Cinco años después, Jack Paglen (Trasdencence) y Michael Green (Linterna verde) diseñan la línea argumental del guion definitivo de Alien: Covenant obra de John Logan (Gladiator) y el novel Dante Harper. Los cuatro se esfuerzan por deshacer los entuertos creados por sus predecesores y dar pan y circo al gran público, es decir, que regresen los xenomorfos a primera línea. Hasta aquí todo parece ir bien, pero el problema es que crean dos líneas argumentales totalmente distintas, que juegan con distintas claves, y que ninguno de los cuatro consigue crear un diálogo inteligente entre ambas. El resultado una vez más es un lamentable y triste desastre. En la primera línea del guion tenemos la Covenant, una nave espacial con destino al remoto planeta Origae-6 que pretenden colonizar. Un problema técnico hace que la tripulación se despierte, mientras el resto de los colonos y embriones permanecen en estasis. Pronto descubriremos que los personajes de Covenant son igual o, inclusive, más incoherentes que sus compañeros de la Prometheus. Por ese motivo, a los diez minutos el espectador deseará verlos muertos, como merecido resultado de su incompetencia y falta de personalidad. Es un grupo que nadie lidera realmente, donde las decisiones se toman basándose en la creencia y las improvisaciones, más que en ningún protocolo creíble. Y sobre todo sin tener en cuenta que sobre ellos llevan las vidas de unos cientos colonos.
En la segunda línea argumental tenemos la típica historia de Caín y Abel llevada al terreno de la inteligencia artificial. Ahí es donde brilla lo mejor de la película: Michael Fassbender, que da vida a David (superviviente de la Prometheus) y Walter, el sintético de la Covenant. Es una historia marcada por el afán de crear, superar al creador, ser mejor que el padre, inclusive llegando al parricidio.
Estas dos historias poseen dos tempos distintos y son dos trenes de mercancías que van en direcciones opuestas, de tal forma que la colisión está asegurada. Si a ello sumamos que las decisiones que toman los tripulantes de la Covenant son arbitrarias y carentes de la menor lógica, el resultado es un desastre absoluto. En favor de los guionistas solo podemos decir que nos devuelven por fin al xenomorfo, explicando su origen, y nos brindan un baño de sangre. Con un presupuesto de 97 millones de dólares solo podemos decir que lucen estupendamente en cada fotograma.
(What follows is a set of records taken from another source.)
(* Let $n\geq 2$. For $f:[0,1]\to\mathbb{R}$ and $x\in[0,1]$ define $$R_n(f,x)=\sum_{k=0}^{n} f\left(\frac{k}{n}\right)\binom{n}{k}\frac{x^{(k,c(x))}\,(1-x)^{(n-k,c(x))}}{1^{(n,c(x))}},\qquad c(x)=-\frac{\min\{x,1-x\}}{n-1}.$$ If $f:[0,1]\to\mathbb{R}$ is monotone increasing (respectively decreasing), then $R_n(f,\cdot):[0,1]\to\mathbb{R}$ is also monotone increasing (respectively decreasing).
   Context: For real $z$ and $h$, the rising factorial with increment $h$ is $z^{(0,h)}=1$ and $z^{(m,h)}=z(z+h)\cdots(z+(m-1)h)$ for integers $m\geq 1$. Equivalently, $R_n(f,x)=E\,f\left(\frac1n X\right)$, where $X$ is the number of white balls in $n$ draws from a Pólya urn initially containing $x$ white and $1-x$ black balls with replacement parameter $c(x)$. *)

theory Defs
  imports "HOL-Analysis.Analysis"
begin

definition rising_fact_h :: "real \<Rightarrow> nat \<Rightarrow> real \<Rightarrow> real" where
  "rising_fact_h z m h = (\<Prod>i<m. z + real i * h)"

definition c_par :: "nat \<Rightarrow> real \<Rightarrow> real" where
  "c_par n x = - min x (1 - x) / (real n - 1)"

definition R_op :: "nat \<Rightarrow> (real \<Rightarrow> real) \<Rightarrow> real \<Rightarrow> real" where
  "R_op n f x = (\<Sum>k=0..n. f (real k / real n) * real (n choose k) *
      (rising_fact_h x k (c_par n x) * rising_fact_h (1 - x) (n - k) (c_par n x))
      / rising_fact_h 1 n (c_par n x))"

end

theory Submission
  imports Defs
begin

text \<open>
  The weights \<open>w_k(x)\<close> of \<open>R_n(f, x) = \<Sum>_k f(k/n) w_k(x)\<close> form a probability distribution on
  \<open>{0..n}\<close> by the Vandermonde identity for rising factorials. For \<open>x \<le> 1/2\<close> we have
  \<open>c(x) = -x/(n-1)\<close>, and up to factors depending only on \<open>k\<close> or only on \<open>x\<close>, \<open>w_k(x)\<close> equals
  \<open>x^k \<Prod>_{i<n-k} (1 - x (1 + i/(n-1)))\<close>. This kernel is totally positive of order two in
  \<open>(x, k)\<close>: the family has monotone likelihood ratio, so the mean of an increasing function
  of \<open>k\<close> increases with \<open>x\<close> on \<open>[0, 1/2]\<close>. The symmetry \<open>R_n(f, x) = R_n(f(1 - \<cdot>), 1 - x)\<close>
  transfers this to \<open>[1/2, 1]\<close>, and the decreasing case follows by passing to \<open>-f\<close>.
\<close>

lemma rising_fact_h_eq_pochhammer:
  assumes "h \<noteq> 0"
  shows "rising_fact_h z m h = h ^ m * pochhammer (z / h) m"
proof -
  have "rising_fact_h z m h = (\<Prod>i<m. h * (z / h + real i))"
    unfolding rising_fact_h_def using assms by (intro prod.cong) (auto simp: field_simps)
  then show ?thesis
    by (simp add: prod.distrib pochhammer_prod lessThan_atLeast0)
qed

lemma rising_fact_h_vandermonde:
  "(\<Sum>k=0..n. real (n choose k) * (rising_fact_h a k h * rising_fact_h b (n - k) h))
     = rising_fact_h (a + b) n h"
proof (cases "h = 0")
  case True
  then have "rising_fact_h z m h = z ^ m" for z m
    unfolding rising_fact_h_def by simp
  then show ?thesis
    by (simp add: binomial_ring[of a b n] atLeast0AtMost mult_ac)
next
  case False
  have "rising_fact_h (a + b) n h
      = (\<Sum>k\<le>n. of_nat (n choose k) * (h ^ n * pochhammer (a/h) k * pochhammer (b/h) (n - k)))"
    using False by (simp add: rising_fact_h_eq_pochhammer add_divide_distrib
        pochhammer_binomial_sum sum_distrib_left mult_ac)
  also have "\<dots> = (\<Sum>k=0..n. real (n choose k) *
      (h ^ k * pochhammer (a/h) k * (h ^ (n - k) * pochhammer (b/h) (n - k))))"
    by (intro sum.cong) (auto simp: atLeast0AtMost mult_ac simp flip: power_add)
  finally show ?thesis
    using False by (simp add: rising_fact_h_eq_pochhammer)
qed

text \<open>
  The proof rests on the identity \<open>\<Sum>_{j,k} (g k - g j)(q k p j - q j p k) = 2 (\<Sum> g q - \<Sum> g p)\<close>,
  whose summands are all nonnegative.
\<close>
lemma sum_mono_likelihood_ratio:
  fixes p q g :: "nat \<Rightarrow> real"
  assumes g: "\<And>j k. j \<le> k \<Longrightarrow> k \<le> n \<Longrightarrow> g j \<le> g k"
    and ratio: "\<And>j k. j \<le> k \<Longrightarrow> k \<le> n \<Longrightarrow> p k * q j \<le> q k * p j"
    and sum_p: "sum p {0..n} = 1" and sum_q: "sum q {0..n} = 1"
  shows "(\<Sum>k=0..n. g k * p k) \<le> (\<Sum>k=0..n. g k * q k)"
proof -
  let ?A = "{0..n}"
  have "(g k - g j) * (q k * p j - q j * p k) \<ge> 0" if "j \<in> ?A" "k \<in> ?A" for j k
  proof (cases "j \<le> k")
    case True
    then show ?thesis using g[OF True] ratio[OF True] that by (simp add: mult_ac)
  next
    case False
    then have "k \<le> j" by simp
    then show ?thesis using g[OF \<open>k \<le> j\<close>] ratio[OF \<open>k \<le> j\<close>] that
      by (auto intro!: mult_nonpos_nonpos simp: mult_ac)
  qed
  then have "0 \<le> (\<Sum>j\<in>?A. \<Sum>k\<in>?A. (g k - g j) * (q k * p j - q j * p k))"
    by (intro sum_nonneg) auto
  also have "\<dots> = (\<Sum>j\<in>?A. \<Sum>k\<in>?A. (g k * q k) * p j) - (\<Sum>j\<in>?A. \<Sum>k\<in>?A. (g k * p k) * q j)
      - (\<Sum>j\<in>?A. \<Sum>k\<in>?A. (g j * p j) * q k) + (\<Sum>j\<in>?A. \<Sum>k\<in>?A. (g j * q j) * p k)"
    by (simp add: algebra_simps sum.distrib sum_subtractf)
  also have "\<dots> = 2 * ((\<Sum>k\<in>?A. g k * q k) - (\<Sum>k\<in>?A. g k * p k))"
    by (simp add: sum_distrib_left[symmetric] sum_distrib_right[symmetric] sum_p sum_q)
  finally show ?thesis by simp
qed

text \<open>
  Padding \<open>\<Prod>_{i<n-k} g i z\<close> with \<open>k\<close> factors \<open>z\<close> makes both sides products over \<open>i < n\<close>,
  which can then be compared factorwise.
\<close>
lemma power_prod_exchange_le:
  fixes g :: "nat \<Rightarrow> real \<Rightarrow> real"
  assumes jk: "j \<le> k" "k \<le> n" and xy: "0 \<le> x" "0 \<le> y"
    and g_nonneg: "\<And>i. i < n \<Longrightarrow> 0 \<le> g i x" "\<And>i. i < n \<Longrightarrow> 0 \<le> g i y"
    and exchange: "\<And>i. i < n \<Longrightarrow> x * g i y \<le> y * g i x"
  shows "x ^ k * (\<Prod>i<n-k. g i x) * (y ^ j * (\<Prod>i<n-j. g i y))
      \<le> y ^ k * (\<Prod>i<n-k. g i y) * (x ^ j * (\<Prod>i<n-j. g i x))"
proof -
  define pad where "pad z m i = (if i < n - m then g i z else z)" for z m i
  have pad_prod: "(\<Prod>i<n. pad z m i) = z ^ m * (\<Prod>i<n-m. g i z)" if "m \<le> n" for z m
  proof -
    have "(\<Prod>i<n. pad z m i) = (\<Prod>i\<in>{0..<n-m}. pad z m i) * (\<Prod>i\<in>{n-m..<n}. pad z m i)"
      unfolding lessThan_atLeast0 by (rule prod.atLeastLessThan_concat[symmetric]) auto
    also have "\<dots> = (\<Prod>i<n-m. g i z) * z ^ m"
      using that by (simp add: pad_def lessThan_atLeast0)
    finally show ?thesis by simp
  qed
  have "(\<Prod>i<n. pad x k i * pad y j i) \<le> (\<Prod>i<n. pad y k i * pad x j i)"
  proof (intro prod_mono conjI)
    fix i assume "i \<in> {..<n}"
    then show "0 \<le> pad x k i * pad y j i" "pad x k i * pad y j i \<le> pad y k i * pad x j i"
      using jk xy g_nonneg exchange[of i] by (auto simp: pad_def mult_ac)
  qed
  then show ?thesis
    using jk by (simp add: prod.distrib pad_prod)
qed

definition urn_weight :: "nat \<Rightarrow> real \<Rightarrow> nat \<Rightarrow> real" where
  "urn_weight n x k = real (n choose k) *
      (rising_fact_h x k (c_par n x) * rising_fact_h (1 - x) (n - k) (c_par n x))
      / rising_fact_h 1 n (c_par n x)"

lemma R_op_eq_sum_urn_weight: "R_op n f x = (\<Sum>k=0..n. f (real k / real n) * urn_weight n x k)"
  unfolding R_op_def urn_weight_def by (simp add: mult.assoc)

lemma R_op_uminus: "R_op n (\<lambda>t. - f t) x = - R_op n f x"
  unfolding R_op_def by (simp add: sum_negf)

lemma R_op_reflect:
  assumes "n \<ge> 1"
  shows "R_op n f x = R_op n (\<lambda>t. f (1 - t)) (1 - x)"
proof -
  have c: "c_par n (1 - x) = c_par n x"
    unfolding c_par_def by (simp add: min.commute)
  have "1 - real (n - k) / real n = real k / real n" if "k \<le> n" for k
    using assms that by (simp add: of_nat_diff field_simps)
  then have "R_op n (\<lambda>t. f (1 - t)) (1 - x) = (\<Sum>k=0..n. f (real k / real n) *
      real (n choose k) * (rising_fact_h (1 - x) (n - k) (c_par n x) * rising_fact_h x k (c_par n x))
      / rising_fact_h 1 n (c_par n x))"
    unfolding R_op_def c
    by (subst sum.atLeastAtMost_rev) (auto intro!: sum.cong simp flip: binomial_symmetric)
  then show ?thesis
    unfolding R_op_def by (simp add: mult_ac)
qed

lemma rising_fact_h_one_c_par_pos:
  assumes "n \<ge> 2" "0 \<le> x" "x \<le> 1"
  shows "0 < rising_fact_h 1 n (c_par n x)"
  unfolding rising_fact_h_def
proof (rule prod_pos)
  fix i assume "i \<in> {..<n}"
  then have "real i / (real n - 1) \<le> 1"
    using assms by (simp add: of_nat_diff)
  moreover have "min x (1 - x) \<le> 1/2"
    by (simp add: min_def)
  ultimately have "real i / (real n - 1) * min x (1 - x) \<le> 1 * (1/2)"
    using assms by (intro mult_mono) auto
  moreover have "real i * c_par n x = - (real i / (real n - 1) * min x (1 - x))"
    unfolding c_par_def by simp
  ultimately show "0 < 1 + real i * c_par n x"
    by linarith
qed

lemma sum_urn_weight:
  assumes "n \<ge> 2" "0 \<le> x" "x \<le> 1"
  shows "(\<Sum>k=0..n. urn_weight n x k) = 1"
  using rising_fact_h_one_c_par_pos[OF assms]
  by (simp add: urn_weight_def rising_fact_h_vandermonde flip: sum_divide_distrib)

lemma rising_fact_h_c_par_lower_left:
  assumes "x \<le> 1/2"
  shows "rising_fact_h x k (c_par n x) = x ^ k * (\<Prod>i<k. 1 - real i / (real n - 1))"
proof -
  have "rising_fact_h x k (c_par n x) = (\<Prod>i<k. x * (1 - real i / (real n - 1)))"
    using assms unfolding rising_fact_h_def c_par_def by (simp add: min_def algebra_simps)
  then show ?thesis by (simp add: prod.distrib)
qed

lemma rising_fact_h_c_par_lower_right:
  assumes "x \<le> 1/2"
  shows "rising_fact_h (1 - x) m (c_par n x) = (\<Prod>i<m. 1 - x * (1 + real i / (real n - 1)))"
  using assms unfolding rising_fact_h_def c_par_def by (simp add: min_def algebra_simps)

lemma urn_weight_exchange_le:
  assumes n: "n \<ge> 2" and xy: "0 \<le> x" "x \<le> y" "y \<le> 1/2" and jk: "j \<le> k" "k \<le> n"
  shows "urn_weight n x k * urn_weight n y j \<le> urn_weight n y k * urn_weight n x j"
proof -
  define a where "a i = real (n choose i) * (\<Prod>l<i. 1 - real l / (real n - 1))" for i
  define G where "G z m = (\<Prod>i<m. 1 - z * (1 + real i / (real n - 1)))" for z m
  define D where "D z = rising_fact_h 1 n (c_par n z)" for z
  have weight: "urn_weight n z i = a i * (z ^ i * G z (n - i)) / D z" if "z \<le> 1/2" for z i
    using that unfolding urn_weight_def a_def G_def D_def
    by (simp add: rising_fact_h_c_par_lower_left rising_fact_h_c_par_lower_right mult_ac)
  have "0 \<le> a i" if "i \<le> n" for i
    using that n unfolding a_def by (auto intro!: mult_nonneg_nonneg prod_nonneg)
  moreover have "0 < D x" "0 < D y"
    using xy n by (auto simp: D_def intro!: rising_fact_h_one_c_par_pos)
  ultimately have K: "0 \<le> a k * a j / (D x * D y)"
    using jk by auto
  have factor: "0 \<le> 1 - z * (1 + real i / (real n - 1))" if "0 \<le> z" "z \<le> 1/2" "i < n" for z i
  proof -
    have "real i / (real n - 1) \<le> 1"
      using that n by (simp add: of_nat_diff)
    then have "z * (1 + real i / (real n - 1)) \<le> 1/2 * 2"
      using that by (intro mult_mono) auto
    then show ?thesis by simp
  qed
  have "x * (1 - y * t) \<le> y * (1 - x * t)" for t
    using xy by (simp add: algebra_simps)
  then have "x ^ k * G x (n - k) * (y ^ j * G y (n - j)) \<le> y ^ k * G y (n - k) * (x ^ j * G x (n - j))"
    unfolding G_def using jk xy factor
    by (intro power_prod_exchange_le) auto
  from mult_left_mono[OF this K] show ?thesis
    using xy by (simp add: weight mult_ac)
qed

lemma R_op_mono_lower_half:
  assumes n: "n \<ge> 2" and f: "mono_on {0..1} f" and xy: "0 \<le> x" "x \<le> y" "y \<le> 1/2"
  shows "R_op n f x \<le> R_op n f y"
  unfolding R_op_eq_sum_urn_weight
proof (rule sum_mono_likelihood_ratio)
  fix j k assume jk: "j \<le> k" "k \<le> n"
  then show "f (real j / real n) \<le> f (real k / real n)"
    using n by (intro monotone_onD[OF f]) (auto simp: divide_right_mono)
  show "urn_weight n x k * urn_weight n y j \<le> urn_weight n y k * urn_weight n x j"
    using n xy jk by (rule urn_weight_exchange_le)
qed (use n xy in \<open>simp_all add: sum_urn_weight\<close>)

lemma R_op_mono_upper_half:
  assumes n: "n \<ge> 2" and f: "mono_on {0..1} f" and xy: "1/2 \<le> x" "x \<le> y" "y \<le> 1"
  shows "R_op n f x \<le> R_op n f y"
proof -
  have "mono_on {0..1} (\<lambda>t. - f (1 - t))"
    by (intro monotone_onI) (auto intro!: monotone_onD[OF f])
  then have "R_op n (\<lambda>t. - f (1 - t)) (1 - y) \<le> R_op n (\<lambda>t. - f (1 - t)) (1 - x)"
    using n xy by (intro R_op_mono_lower_half) auto
  then show ?thesis
    using n by (simp add: R_op_uminus R_op_reflect[of n f])
qed

lemma R_op_mono:
  assumes n: "n \<ge> 2" and f: "mono_on {0..1} f"
  shows "mono_on {0..1} (R_op n f)"
proof (rule monotone_onI)
  fix x y :: real assume "x \<in> {0..1}" "y \<in> {0..1}" "x \<le> y"
  then consider "y \<le> 1/2" | "1/2 \<le> x" | "x \<le> 1/2" "1/2 \<le> y"
    by force
  then show "R_op n f x \<le> R_op n f y"
  proof cases
    case 3
    then have "R_op n f x \<le> R_op n f (1/2)"
      using \<open>x \<in> {0..1}\<close> by (intro R_op_mono_lower_half[OF n f]) auto
    also have "\<dots> \<le> R_op n f y"
      using 3 \<open>y \<in> {0..1}\<close> by (intro R_op_mono_upper_half[OF n f]) auto
    finally show ?thesis .
  qed (use \<open>x \<in> {0..1}\<close> \<open>y \<in> {0..1}\<close> \<open>x \<le> y\<close>
       in \<open>auto intro: R_op_mono_lower_half[OF n f] R_op_mono_upper_half[OF n f]\<close>)
qed

theorem theorem3p3:
  fixes n :: nat and f :: "real \<Rightarrow> real"
  assumes "n \<ge> 2"
  shows "(mono_on {0..1} f \<longrightarrow> mono_on {0..1} (R_op n f)) \<and>
         (antimono_on {0..1} f \<longrightarrow> antimono_on {0..1} (R_op n f))"
proof (intro conjI impI)
  assume "mono_on {0..1} f"
  then show "mono_on {0..1} (R_op n f)"
    using assms by (rule R_op_mono[rotated])
next
  assume f: "antimono_on {0..1} f"
  have "mono_on {0..1} (\<lambda>t. - f t)"
    by (intro monotone_onI) (auto intro: monotone_onD[OF f])
  then have "mono_on {0..1} (R_op n (\<lambda>t. - f t))"
    using assms by (rule R_op_mono[rotated])
  then show "antimono_on {0..1} (R_op n f)"
    by (auto intro!: monotone_onI dest: monotone_onD simp: R_op_uminus)
qed

end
Finalmente, si tenemos que hablar de la labor de Ridley Scott, hay que reconocer que narrativamente, nos brinda planos perfectos. Sabe perfectamente colocar la cámara en todo momento en el sitio preciso. Lo malo, es su profundo desinterés tanto por el xenomorfo como por los tripulantes de la Covenant. Le parece más interesante la historia centrada en la inteligencia artificial, que a la postre acaba resultando lo único que se salva. Además, parece ciertamente obsesionado por generar una nueva obra maestra, cuando ninguna necesidad hay de reinventar la rueda. Ofrece al espectador multitud de homenajes: en los títulos de crédito iniciales, acordes musicales, diálogos, planos o situando objetos que podíamos ver en la Nostromo. Si los referentes pictóricos que podíamos encontrar en Alien iban de Bacon a Velazquez; en Alien: Covenant, usa de manera artificiosa al pintor suizo Arnold Böcklin y su obra “La Isla de los Muertos”. Encima, intenta hacer una película con una estructura falsamente circular, usando de una forma totalmente kitsch la ópera de Wagner “El oro del Rin”, concretamente “la entrada de los dioses en el Valhalla”. El resultado, en definitiva, es un ejercicio vacío, pretencioso y sorprendente egocéntrico. El problema de Scott es parecido al de George Lucas, parecen más centrados en cuadrar las dos trilogías millonarias a golpe de machete que en dirigir buenas películas. Lo cierto es que sabemos el final de la historia, y encima el realizador británico desconoce la forma de hacer interesante esa conjunción, creando en el potencial espectador un profundo desinterés, por muy inquietante que pretenda ser el cliffhanger.